→ **Task instructions**
Among the entries below, only the lines starting at the one with "list \<Rightarrow> 'x" and ending at the one with "(lab d) \<longrightarrow>", both included, are to be printed exactly.
- - -
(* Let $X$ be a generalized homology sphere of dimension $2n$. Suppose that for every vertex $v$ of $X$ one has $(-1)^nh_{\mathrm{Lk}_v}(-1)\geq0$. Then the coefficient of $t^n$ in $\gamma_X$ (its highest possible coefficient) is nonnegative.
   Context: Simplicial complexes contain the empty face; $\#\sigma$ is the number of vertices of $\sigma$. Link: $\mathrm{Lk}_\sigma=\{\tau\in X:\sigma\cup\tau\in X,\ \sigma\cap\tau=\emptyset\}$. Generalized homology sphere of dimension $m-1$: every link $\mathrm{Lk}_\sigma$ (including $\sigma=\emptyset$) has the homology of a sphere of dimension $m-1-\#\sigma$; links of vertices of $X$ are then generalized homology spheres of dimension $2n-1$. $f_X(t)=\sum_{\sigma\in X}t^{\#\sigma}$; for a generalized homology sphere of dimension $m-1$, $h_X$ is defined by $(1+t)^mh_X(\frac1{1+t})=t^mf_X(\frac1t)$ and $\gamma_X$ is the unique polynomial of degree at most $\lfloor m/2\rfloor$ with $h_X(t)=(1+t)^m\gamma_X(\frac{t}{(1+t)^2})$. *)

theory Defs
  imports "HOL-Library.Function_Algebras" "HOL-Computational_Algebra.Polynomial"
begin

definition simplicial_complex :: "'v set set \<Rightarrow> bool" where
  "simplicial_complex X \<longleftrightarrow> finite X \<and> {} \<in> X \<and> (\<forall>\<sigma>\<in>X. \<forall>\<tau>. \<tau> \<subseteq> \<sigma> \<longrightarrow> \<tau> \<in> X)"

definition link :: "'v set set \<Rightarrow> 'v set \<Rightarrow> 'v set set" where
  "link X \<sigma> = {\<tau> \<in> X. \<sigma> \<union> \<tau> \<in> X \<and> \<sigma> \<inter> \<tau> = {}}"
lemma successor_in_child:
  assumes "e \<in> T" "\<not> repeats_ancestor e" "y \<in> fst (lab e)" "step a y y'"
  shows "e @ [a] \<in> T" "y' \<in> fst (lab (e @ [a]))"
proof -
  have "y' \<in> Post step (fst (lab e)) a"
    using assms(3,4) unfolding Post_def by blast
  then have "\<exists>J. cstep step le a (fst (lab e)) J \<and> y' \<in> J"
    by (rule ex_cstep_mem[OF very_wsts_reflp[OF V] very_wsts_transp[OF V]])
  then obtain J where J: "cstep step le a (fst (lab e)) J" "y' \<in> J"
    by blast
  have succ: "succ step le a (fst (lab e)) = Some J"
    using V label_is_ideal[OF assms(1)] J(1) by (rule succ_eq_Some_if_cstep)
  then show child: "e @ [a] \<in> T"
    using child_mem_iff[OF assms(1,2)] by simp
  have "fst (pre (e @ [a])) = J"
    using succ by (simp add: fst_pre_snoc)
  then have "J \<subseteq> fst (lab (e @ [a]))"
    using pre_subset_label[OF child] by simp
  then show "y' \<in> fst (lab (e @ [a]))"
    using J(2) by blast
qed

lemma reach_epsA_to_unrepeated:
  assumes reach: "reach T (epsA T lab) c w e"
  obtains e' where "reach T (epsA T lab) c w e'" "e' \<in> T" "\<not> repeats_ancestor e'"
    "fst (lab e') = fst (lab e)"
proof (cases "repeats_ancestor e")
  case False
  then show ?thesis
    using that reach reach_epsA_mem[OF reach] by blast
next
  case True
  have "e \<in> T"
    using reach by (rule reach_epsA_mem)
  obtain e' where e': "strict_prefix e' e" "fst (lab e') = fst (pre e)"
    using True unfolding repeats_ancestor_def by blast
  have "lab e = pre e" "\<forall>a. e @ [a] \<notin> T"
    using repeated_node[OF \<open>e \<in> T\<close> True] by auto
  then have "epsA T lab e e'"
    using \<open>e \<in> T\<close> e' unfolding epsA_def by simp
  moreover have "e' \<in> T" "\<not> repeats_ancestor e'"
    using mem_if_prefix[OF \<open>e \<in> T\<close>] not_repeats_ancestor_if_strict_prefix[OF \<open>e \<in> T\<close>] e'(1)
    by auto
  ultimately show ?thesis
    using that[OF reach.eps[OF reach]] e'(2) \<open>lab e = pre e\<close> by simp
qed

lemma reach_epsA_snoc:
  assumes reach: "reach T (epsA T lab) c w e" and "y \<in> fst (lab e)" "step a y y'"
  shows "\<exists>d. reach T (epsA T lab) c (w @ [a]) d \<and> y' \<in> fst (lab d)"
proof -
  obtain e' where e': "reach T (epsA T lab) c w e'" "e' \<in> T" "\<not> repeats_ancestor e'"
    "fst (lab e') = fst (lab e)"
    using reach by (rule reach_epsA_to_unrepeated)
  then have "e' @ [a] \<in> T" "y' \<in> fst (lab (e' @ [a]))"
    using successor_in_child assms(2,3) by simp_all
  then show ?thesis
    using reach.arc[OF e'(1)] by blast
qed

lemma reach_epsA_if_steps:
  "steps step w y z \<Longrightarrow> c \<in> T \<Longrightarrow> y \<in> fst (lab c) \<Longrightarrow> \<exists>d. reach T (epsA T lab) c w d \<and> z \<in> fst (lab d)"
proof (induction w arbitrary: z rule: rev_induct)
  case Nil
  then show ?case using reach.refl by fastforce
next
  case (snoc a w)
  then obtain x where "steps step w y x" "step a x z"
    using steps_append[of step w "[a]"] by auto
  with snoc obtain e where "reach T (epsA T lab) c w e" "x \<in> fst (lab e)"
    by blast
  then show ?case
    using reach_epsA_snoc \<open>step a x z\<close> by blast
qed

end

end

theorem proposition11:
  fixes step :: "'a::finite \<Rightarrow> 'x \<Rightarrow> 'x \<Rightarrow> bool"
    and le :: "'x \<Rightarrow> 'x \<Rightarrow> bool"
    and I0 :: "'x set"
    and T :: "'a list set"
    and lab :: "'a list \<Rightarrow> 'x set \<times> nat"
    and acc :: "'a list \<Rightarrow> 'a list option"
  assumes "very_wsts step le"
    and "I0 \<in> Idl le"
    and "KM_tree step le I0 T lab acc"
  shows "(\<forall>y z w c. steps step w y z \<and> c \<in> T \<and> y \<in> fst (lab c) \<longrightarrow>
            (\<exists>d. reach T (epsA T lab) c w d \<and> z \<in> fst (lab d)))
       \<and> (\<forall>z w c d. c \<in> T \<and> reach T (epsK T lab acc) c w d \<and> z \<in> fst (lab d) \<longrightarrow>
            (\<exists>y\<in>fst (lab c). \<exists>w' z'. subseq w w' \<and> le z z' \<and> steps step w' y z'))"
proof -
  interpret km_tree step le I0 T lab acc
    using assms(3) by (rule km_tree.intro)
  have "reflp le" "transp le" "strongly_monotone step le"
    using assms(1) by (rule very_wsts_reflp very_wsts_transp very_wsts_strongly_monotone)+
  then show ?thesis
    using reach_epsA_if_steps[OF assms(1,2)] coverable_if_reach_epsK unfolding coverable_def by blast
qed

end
- - -
→ **Result of this task**
    and lab :: "'a list \<Rightarrow> 'x set \<times> nat"
    and acc :: "'a list \<Rightarrow> 'a list option"
  assumes "very_wsts step le"
    and "I0 \<in> Idl le"
    and "KM_tree step le I0 T lab acc"
  shows "(\<forall>y z w c. steps step w y z \<and> c \<in> T \<and> y \<in> fst (lab c) \<longrightarrow>
            (\<exists>d. reach T (epsA T lab) c w d \<and> z \<in> fst (lab d)))
       \<and> (\<forall>z w c d. c \<in> T \<and> reach T (epsK T lab acc) c w d \<and> z \<in> fst (lab d) \<longrightarrow>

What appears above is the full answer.